WHAT IS EXPECTED: Print every line of the listing below, starting with the line that holds "(* Let $s\ge1$, let" and going on through the line that holds "Context: A sample", both included, and print nothing else.

PROVIDED RECORDS:
-=-=-

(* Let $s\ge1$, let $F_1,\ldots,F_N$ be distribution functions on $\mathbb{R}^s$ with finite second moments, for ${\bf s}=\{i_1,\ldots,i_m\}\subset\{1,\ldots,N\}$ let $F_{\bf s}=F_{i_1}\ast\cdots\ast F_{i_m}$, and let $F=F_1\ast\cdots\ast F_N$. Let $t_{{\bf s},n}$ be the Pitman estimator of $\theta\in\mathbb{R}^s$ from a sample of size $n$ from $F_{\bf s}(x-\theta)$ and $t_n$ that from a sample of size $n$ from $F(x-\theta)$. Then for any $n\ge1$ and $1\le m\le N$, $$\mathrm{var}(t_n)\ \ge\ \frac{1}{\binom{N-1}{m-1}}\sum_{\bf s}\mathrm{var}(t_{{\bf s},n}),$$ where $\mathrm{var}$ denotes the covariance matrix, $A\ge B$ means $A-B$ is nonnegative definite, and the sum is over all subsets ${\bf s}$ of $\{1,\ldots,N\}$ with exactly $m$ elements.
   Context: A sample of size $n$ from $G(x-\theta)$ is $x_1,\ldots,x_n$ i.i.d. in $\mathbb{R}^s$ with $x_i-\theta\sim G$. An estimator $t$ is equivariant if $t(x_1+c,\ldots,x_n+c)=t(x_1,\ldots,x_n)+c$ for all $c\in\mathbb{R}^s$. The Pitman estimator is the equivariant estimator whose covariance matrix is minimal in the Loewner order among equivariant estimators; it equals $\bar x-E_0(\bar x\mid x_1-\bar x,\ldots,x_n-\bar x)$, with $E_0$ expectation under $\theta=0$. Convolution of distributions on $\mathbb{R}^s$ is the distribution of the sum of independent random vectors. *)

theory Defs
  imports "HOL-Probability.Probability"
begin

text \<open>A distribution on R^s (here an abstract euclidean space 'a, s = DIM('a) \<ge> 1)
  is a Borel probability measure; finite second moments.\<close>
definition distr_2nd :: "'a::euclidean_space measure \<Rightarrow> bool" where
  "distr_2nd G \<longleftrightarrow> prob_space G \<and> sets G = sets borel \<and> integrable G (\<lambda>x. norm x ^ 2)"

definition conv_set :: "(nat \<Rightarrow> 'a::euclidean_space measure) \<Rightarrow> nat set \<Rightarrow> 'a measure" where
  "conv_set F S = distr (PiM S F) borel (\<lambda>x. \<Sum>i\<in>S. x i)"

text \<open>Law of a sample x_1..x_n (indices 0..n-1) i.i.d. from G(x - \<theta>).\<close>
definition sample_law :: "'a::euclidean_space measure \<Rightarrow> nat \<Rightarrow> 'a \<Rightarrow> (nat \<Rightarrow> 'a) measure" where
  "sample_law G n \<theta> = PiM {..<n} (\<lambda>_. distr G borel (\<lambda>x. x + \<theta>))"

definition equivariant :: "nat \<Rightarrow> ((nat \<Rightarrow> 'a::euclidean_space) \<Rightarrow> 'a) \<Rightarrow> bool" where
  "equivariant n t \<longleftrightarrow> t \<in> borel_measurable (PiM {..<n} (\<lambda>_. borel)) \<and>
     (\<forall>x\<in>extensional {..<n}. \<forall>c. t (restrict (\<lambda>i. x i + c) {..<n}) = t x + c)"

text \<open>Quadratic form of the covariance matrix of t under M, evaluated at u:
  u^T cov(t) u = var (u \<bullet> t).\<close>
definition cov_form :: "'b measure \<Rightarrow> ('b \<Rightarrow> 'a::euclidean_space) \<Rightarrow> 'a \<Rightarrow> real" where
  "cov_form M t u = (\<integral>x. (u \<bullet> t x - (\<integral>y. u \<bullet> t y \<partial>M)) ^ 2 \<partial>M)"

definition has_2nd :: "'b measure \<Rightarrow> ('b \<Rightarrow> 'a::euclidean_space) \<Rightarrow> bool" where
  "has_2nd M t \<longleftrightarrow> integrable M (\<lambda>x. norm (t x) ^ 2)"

-=-=-

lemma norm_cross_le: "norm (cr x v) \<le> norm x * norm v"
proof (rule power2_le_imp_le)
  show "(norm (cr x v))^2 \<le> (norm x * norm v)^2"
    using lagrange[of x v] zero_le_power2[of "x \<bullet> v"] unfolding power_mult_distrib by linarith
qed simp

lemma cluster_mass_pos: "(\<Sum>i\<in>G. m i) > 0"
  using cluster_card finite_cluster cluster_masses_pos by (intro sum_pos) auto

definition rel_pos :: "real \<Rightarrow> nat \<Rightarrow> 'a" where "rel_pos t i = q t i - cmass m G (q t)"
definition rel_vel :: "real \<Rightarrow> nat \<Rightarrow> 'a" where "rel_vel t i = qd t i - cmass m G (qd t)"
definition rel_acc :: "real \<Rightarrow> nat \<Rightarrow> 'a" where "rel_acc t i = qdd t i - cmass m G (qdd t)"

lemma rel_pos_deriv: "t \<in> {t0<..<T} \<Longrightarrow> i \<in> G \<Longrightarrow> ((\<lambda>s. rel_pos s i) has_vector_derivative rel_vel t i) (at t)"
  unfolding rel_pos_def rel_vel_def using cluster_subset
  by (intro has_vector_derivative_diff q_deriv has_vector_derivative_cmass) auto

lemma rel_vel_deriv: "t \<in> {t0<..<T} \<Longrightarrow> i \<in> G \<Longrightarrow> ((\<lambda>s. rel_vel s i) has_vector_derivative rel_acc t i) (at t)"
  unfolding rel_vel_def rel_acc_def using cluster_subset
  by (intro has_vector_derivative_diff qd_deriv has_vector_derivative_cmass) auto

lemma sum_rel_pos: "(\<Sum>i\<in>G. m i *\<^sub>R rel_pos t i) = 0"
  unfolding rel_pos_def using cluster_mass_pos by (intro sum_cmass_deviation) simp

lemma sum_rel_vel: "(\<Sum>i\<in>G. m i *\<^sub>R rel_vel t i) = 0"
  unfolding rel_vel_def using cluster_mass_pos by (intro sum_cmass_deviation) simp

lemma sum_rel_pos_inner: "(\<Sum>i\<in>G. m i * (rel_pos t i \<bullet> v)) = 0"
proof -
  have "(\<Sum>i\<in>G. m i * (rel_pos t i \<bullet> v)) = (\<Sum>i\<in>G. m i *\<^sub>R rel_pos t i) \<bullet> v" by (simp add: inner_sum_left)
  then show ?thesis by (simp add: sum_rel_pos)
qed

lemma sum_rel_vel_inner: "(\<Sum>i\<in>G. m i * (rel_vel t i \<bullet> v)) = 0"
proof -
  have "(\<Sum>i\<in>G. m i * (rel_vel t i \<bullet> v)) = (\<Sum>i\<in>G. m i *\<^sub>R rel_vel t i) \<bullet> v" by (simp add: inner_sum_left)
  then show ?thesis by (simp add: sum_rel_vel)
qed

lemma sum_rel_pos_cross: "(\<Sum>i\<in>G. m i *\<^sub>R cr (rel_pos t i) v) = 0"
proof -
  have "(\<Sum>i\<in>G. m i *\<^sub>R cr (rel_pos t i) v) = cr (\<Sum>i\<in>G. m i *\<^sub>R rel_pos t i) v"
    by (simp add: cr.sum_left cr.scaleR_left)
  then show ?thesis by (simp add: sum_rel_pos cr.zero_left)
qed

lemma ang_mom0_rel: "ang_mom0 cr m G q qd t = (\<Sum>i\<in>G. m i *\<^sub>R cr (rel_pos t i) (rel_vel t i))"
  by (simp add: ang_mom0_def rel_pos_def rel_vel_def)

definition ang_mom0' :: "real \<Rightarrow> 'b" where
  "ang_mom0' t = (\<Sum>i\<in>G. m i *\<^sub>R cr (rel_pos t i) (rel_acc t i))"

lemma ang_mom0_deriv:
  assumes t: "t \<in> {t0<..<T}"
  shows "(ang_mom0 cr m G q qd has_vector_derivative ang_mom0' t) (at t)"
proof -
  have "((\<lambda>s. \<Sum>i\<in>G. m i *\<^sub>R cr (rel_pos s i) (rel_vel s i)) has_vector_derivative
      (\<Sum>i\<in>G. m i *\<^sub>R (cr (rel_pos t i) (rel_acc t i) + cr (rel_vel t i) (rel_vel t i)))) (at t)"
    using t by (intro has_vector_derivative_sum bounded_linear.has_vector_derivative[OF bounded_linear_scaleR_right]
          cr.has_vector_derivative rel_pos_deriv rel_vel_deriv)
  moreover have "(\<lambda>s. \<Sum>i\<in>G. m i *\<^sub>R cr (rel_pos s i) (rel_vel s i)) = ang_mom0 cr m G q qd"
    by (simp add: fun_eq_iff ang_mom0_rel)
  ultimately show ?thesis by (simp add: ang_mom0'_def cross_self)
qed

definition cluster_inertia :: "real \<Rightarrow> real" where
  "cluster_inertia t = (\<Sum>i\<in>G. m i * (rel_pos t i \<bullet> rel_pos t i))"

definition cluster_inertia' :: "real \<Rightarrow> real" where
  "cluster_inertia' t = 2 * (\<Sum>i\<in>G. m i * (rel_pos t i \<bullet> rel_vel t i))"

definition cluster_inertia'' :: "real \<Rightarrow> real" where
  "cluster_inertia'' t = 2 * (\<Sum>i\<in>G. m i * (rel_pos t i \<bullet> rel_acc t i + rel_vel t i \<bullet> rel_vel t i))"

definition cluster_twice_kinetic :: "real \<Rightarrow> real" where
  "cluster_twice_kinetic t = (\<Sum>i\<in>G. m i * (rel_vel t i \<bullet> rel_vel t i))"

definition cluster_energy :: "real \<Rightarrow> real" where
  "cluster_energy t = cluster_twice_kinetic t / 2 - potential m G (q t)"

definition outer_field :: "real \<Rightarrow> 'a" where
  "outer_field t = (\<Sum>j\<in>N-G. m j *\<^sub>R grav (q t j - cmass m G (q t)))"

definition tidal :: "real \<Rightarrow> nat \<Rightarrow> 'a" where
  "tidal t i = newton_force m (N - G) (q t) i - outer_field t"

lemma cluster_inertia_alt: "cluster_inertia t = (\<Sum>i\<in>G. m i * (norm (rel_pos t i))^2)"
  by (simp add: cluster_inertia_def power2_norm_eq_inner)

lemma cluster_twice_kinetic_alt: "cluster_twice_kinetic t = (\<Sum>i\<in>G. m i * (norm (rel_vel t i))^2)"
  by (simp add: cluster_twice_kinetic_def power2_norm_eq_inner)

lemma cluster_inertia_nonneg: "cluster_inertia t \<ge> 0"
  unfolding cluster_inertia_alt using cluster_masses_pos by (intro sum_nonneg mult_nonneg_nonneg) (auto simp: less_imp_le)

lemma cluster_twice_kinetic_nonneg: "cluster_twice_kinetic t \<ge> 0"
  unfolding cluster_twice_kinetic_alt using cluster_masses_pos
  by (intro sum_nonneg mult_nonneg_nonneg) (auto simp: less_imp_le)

-=-=-

RESPONSE:
(* Let $s\ge1$, let $F_1,\ldots,F_N$ be distribution functions on $\mathbb{R}^s$ with finite second moments, for ${\bf s}=\{i_1,\ldots,i_m\}\subset\{1,\ldots,N\}$ let $F_{\bf s}=F_{i_1}\ast\cdots\ast F_{i_m}$, and let $F=F_1\ast\cdots\ast F_N$. Let $t_{{\bf s},n}$ be the Pitman estimator of $\theta\in\mathbb{R}^s$ from a sample of size $n$ from $F_{\bf s}(x-\theta)$ and $t_n$ that from a sample of size $n$ from $F(x-\theta)$. Then for any $n\ge1$ and $1\le m\le N$, $$\mathrm{var}(t_n)\ \ge\ \frac{1}{\binom{N-1}{m-1}}\sum_{\bf s}\mathrm{var}(t_{{\bf s},n}),$$ where $\mathrm{var}$ denotes the covariance matrix, $A\ge B$ means $A-B$ is nonnegative definite, and the sum is over all subsets ${\bf s}$ of $\{1,\ldots,N\}$ with exactly $m$ elements.
   Context: A sample of size $n$ from $G(x-\theta)$ is $x_1,\ldots,x_n$ i.i.d. in $\mathbb{R}^s$ with $x_i-\theta\sim G$. An estimator $t$ is equivariant if $t(x_1+c,\ldots,x_n+c)=t(x_1,\ldots,x_n)+c$ for all $c\in\mathbb{R}^s$. The Pitman estimator is the equivariant estimator whose covariance matrix is minimal in the Loewner order among equivariant estimators; it equals $\bar x-E_0(\bar x\mid x_1-\bar x,\ldots,x_n-\bar x)$, with $E_0$ expectation under $\theta=0$. Convolution of distributions on $\mathbb{R}^s$ is the distribution of the sum of independent random vectors. *)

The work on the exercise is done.